(* Consider the system $x_{k+1}=Ax_k+Bw_k$, $y^i_k=C^ix_k+D^iv^i_k$ ($i\in\mathcal V=\{1,\dots,N\}$) in the noise-free case, i.e. $\underline w=\overline w=0$ and $\underline v^i=\overline v^i=0$ for all $i$ (so $w_k=0$, $v^i_k=0$), and run the DIO (described in the context) with gains $L^i,\Gamma^i$ and $d\in\mathbb N$ network iterations. Then for every $k\ge0$ the collective framer error satisfies $e_{k+1}=H_k\hat A e_k$, where $\hat A=\mathrm{diag}(\hat A^1,\dots,\hat A^N)$, $\hat A^i=\begin{bmatrix}(\tilde A^i)^+ & (\tilde A^i)^-\\ (\tilde A^i)^- & (\tilde A^i)^+\end{bmatrix}$, and $H_k\in\{0,1\}^{2Nn\times 2Nn}$ is the matrix whose row $\underline{\mathrm{id}}(i,s)$ equals $\mathbf e^\top_{\underline{\mathrm{id}}(j^*,s)}$ with $j^*=\min\big(\arg\max_{j\in\mathcal N_i^d}(\underline x^{j,0}_{k+1})_s\big)$, and whose row $\overline{\mathrm{id}}(i,s)$ equals $\mathbf e^\top_{\overline{\mathrm{id}}(j^\dagger,s)}$ with $j^\dagger=\min\big(\arg\min_{j\in\mathcal N_i^d}(\overline x^{j,0}_{k+1})_s\big)$, for all $i\in\mathcal V$, $s\in\{1,\dots,n\}$. Moreover, $H_k\hat A\in\mathcal F$, where $\mathcal F$ is the set of matrices $M\in\mathbb R^{2Nn\times2Nn}$ such that for every $i\in\mathcal V$ and $s\in\{1,\dots,n\}$, row $\underline{\mathrm{id}}(i,s)$ of $M$ equals row $\underline{\mathrm{id}}(j,s)$ of $\hat A$ for some $j\in\mathcal N_i^d$, and row $\overline{\mathrm{id}}(i,s)$ of $M$ equals row $\overline{\mathrm{id}}(j',s)$ of $\hat A$ for some $j'\in\mathcal N_i^d$ (so $\mathcal F$ has independent row uncertainties).
   Context: Entrywise inequalities, max, min; $M^+_{ij}=\max\{M_{ij},0\}$, $M^-=M^+-M$. $G=(\mathcal V,E)$ is a directed graph, $\mathcal N_i=\{j:(i,j)\in E\}\cup\{i\}$, $\mathcal N_i^d$ is the set of nodes reachable from $i$ by a directed path of length at most $d$ (including $i$). DIO: $T^i=I_n-\Gamma^iC^i$, $\tilde A^i=T^iA-L^iC^i$; initialize $\underline x^i_0=\underline x_0$, $\overline x^i_0=\overline x_0$; for each $k$, each agent computes (noise bounds being zero here) $\underline x^{i,0}_{k+1}=(\tilde A^i)^+\underline x^i_k-(\tilde A^i)^-\overline x^i_k+L^iy^i_k+\Gamma^iy^i_{k+1}$, $\overline x^{i,0}_{k+1}=(\tilde A^i)^+\overline x^i_k-(\tilde A^i)^-\underline x^i_k+L^iy^i_k+\Gamma^iy^i_{k+1}$, and then $\underline x^i_{k+1}=\max_{j\in\mathcal N_i^d}\underline x^{j,0}_{k+1}$, $\overline x^i_{k+1}=\min_{j\in\mathcal N_i^d}\overline x^{j,0}_{k+1}$ (obtained by $d$ rounds of max/min over $\mathcal N_i$). Errors: $\underline e^i_k=x_k-\underline x^i_k$, $\overline e^i_k=\overline x^i_k-x_k$, and $e_k=[(\underline e^1_k)^\top\ (\overline e^1_k)^\top\ \cdots\ (\underline e^N_k)^\top\ (\overline e^N_k)^\top]^\top\in\mathbb R^{2Nn}$. Indices (1-based): $\underline{\mathrm{id}}(i,s)=2n(i-1)+s$, $\overline{\mathrm{id}}(i,s)=2n(i-1)+n+s$, the positions of $(\underline e^i)_s$ and $(\overline e^i)_s$ in $e$; $\mathbf e_m$ is the $m$-th standard basis vector of $\mathbb R^{2Nn}$. *)

theory Defs
  imports "Jordan_Normal_Form.Matrix"
begin

(* Agents are indexed 0..N-1 and state components 0..n-1 (0-based, shift of the
   paper's 1-based indices). *)

definition pos_part :: "real mat \<Rightarrow> real mat" where
  "pos_part M = map_mat (\<lambda>a. max a 0) M"

definition neg_part :: "real mat \<Rightarrow> real mat" where
  "neg_part M = pos_part M - M"

definition reach :: "(nat \<times> nat) set \<Rightarrow> nat \<Rightarrow> nat \<Rightarrow> nat set" where
  "reach E d i = {j. \<exists>l\<le>d. (i, j) \<in> E ^^ l}"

____

▶ [TASK BRIEF]:
Copy all records verbatim.

▶ [RESULT FOR THIS TASK]:
(* Consider the system $x_{k+1}=Ax_k+Bw_k$, $y^i_k=C^ix_k+D^iv^i_k$ ($i\in\mathcal V=\{1,\dots,N\}$) in the noise-free case, i.e. $\underline w=\overline w=0$ and $\underline v^i=\overline v^i=0$ for all $i$ (so $w_k=0$, $v^i_k=0$), and run the DIO (described in the context) with gains $L^i,\Gamma^i$ and $d\in\mathbb N$ network iterations. Then for every $k\ge0$ the collective framer error satisfies $e_{k+1}=H_k\hat A e_k$, where $\hat A=\mathrm{diag}(\hat A^1,\dots,\hat A^N)$, $\hat A^i=\begin{bmatrix}(\tilde A^i)^+ & (\tilde A^i)^-\\ (\tilde A^i)^- & (\tilde A^i)^+\end{bmatrix}$, and $H_k\in\{0,1\}^{2Nn\times 2Nn}$ is the matrix whose row $\underline{\mathrm{id}}(i,s)$ equals $\mathbf e^\top_{\underline{\mathrm{id}}(j^*,s)}$ with $j^*=\min\big(\arg\max_{j\in\mathcal N_i^d}(\underline x^{j,0}_{k+1})_s\big)$, and whose row $\overline{\mathrm{id}}(i,s)$ equals $\mathbf e^\top_{\overline{\mathrm{id}}(j^\dagger,s)}$ with $j^\dagger=\min\big(\arg\min_{j\in\mathcal N_i^d}(\overline x^{j,0}_{k+1})_s\big)$, for all $i\in\mathcal V$, $s\in\{1,\dots,n\}$. Moreover, $H_k\hat A\in\mathcal F$, where $\mathcal F$ is the set of matrices $M\in\mathbb R^{2Nn\times2Nn}$ such that for every $i\in\mathcal V$ and $s\in\{1,\dots,n\}$, row $\underline{\mathrm{id}}(i,s)$ of $M$ equals row $\underline{\mathrm{id}}(j,s)$ of $\hat A$ for some $j\in\mathcal N_i^d$, and row $\overline{\mathrm{id}}(i,s)$ of $M$ equals row $\overline{\mathrm{id}}(j',s)$ of $\hat A$ for some $j'\in\mathcal N_i^d$ (so $\mathcal F$ has independent row uncertainties).
   Context: Entrywise inequalities, max, min; $M^+_{ij}=\max\{M_{ij},0\}$, $M^-=M^+-M$. $G=(\mathcal V,E)$ is a directed graph, $\mathcal N_i=\{j:(i,j)\in E\}\cup\{i\}$, $\mathcal N_i^d$ is the set of nodes reachable from $i$ by a directed path of length at most $d$ (including $i$). DIO: $T^i=I_n-\Gamma^iC^i$, $\tilde A^i=T^iA-L^iC^i$; initialize $\underline x^i_0=\underline x_0$, $\overline x^i_0=\overline x_0$; for each $k$, each agent computes (noise bounds being zero here) $\underline x^{i,0}_{k+1}=(\tilde A^i)^+\underline x^i_k-(\tilde A^i)^-\overline x^i_k+L^iy^i_k+\Gamma^iy^i_{k+1}$, $\overline x^{i,0}_{k+1}=(\tilde A^i)^+\overline x^i_k-(\tilde A^i)^-\underline x^i_k+L^iy^i_k+\Gamma^iy^i_{k+1}$, and then $\underline x^i_{k+1}=\max_{j\in\mathcal N_i^d}\underline x^{j,0}_{k+1}$, $\overline x^i_{k+1}=\min_{j\in\mathcal N_i^d}\overline x^{j,0}_{k+1}$ (obtained by $d$ rounds of max/min over $\mathcal N_i$). Errors: $\underline e^i_k=x_k-\underline x^i_k$, $\overline e^i_k=\overline x^i_k-x_k$, and $e_k=[(\underline e^1_k)^\top\ (\overline e^1_k)^\top\ \cdots\ (\underline e^N_k)^\top\ (\overline e^N_k)^\top]^\top\in\mathbb R^{2Nn}$. Indices (1-based): $\underline{\mathrm{id}}(i,s)=2n(i-1)+s$, $\overline{\mathrm{id}}(i,s)=2n(i-1)+n+s$, the positions of $(\underline e^i)_s$ and $(\overline e^i)_s$ in $e$; $\mathbf e_m$ is the $m$-th standard basis vector of $\mathbb R^{2Nn}$. *)

theory Defs
  imports "Jordan_Normal_Form.Matrix"
begin

(* Agents are indexed 0..N-1 and state components 0..n-1 (0-based, shift of the
   paper's 1-based indices). *)

definition pos_part :: "real mat \<Rightarrow> real mat" where
  "pos_part M = map_mat (\<lambda>a. max a 0) M"

definition neg_part :: "real mat \<Rightarrow> real mat" where
  "neg_part M = pos_part M - M"

definition reach :: "(nat \<times> nat) set \<Rightarrow> nat \<Rightarrow> nat \<Rightarrow> nat set" where
  "reach E d i = {j. \<exists>l\<le>d. (i, j) \<in> E ^^ l}"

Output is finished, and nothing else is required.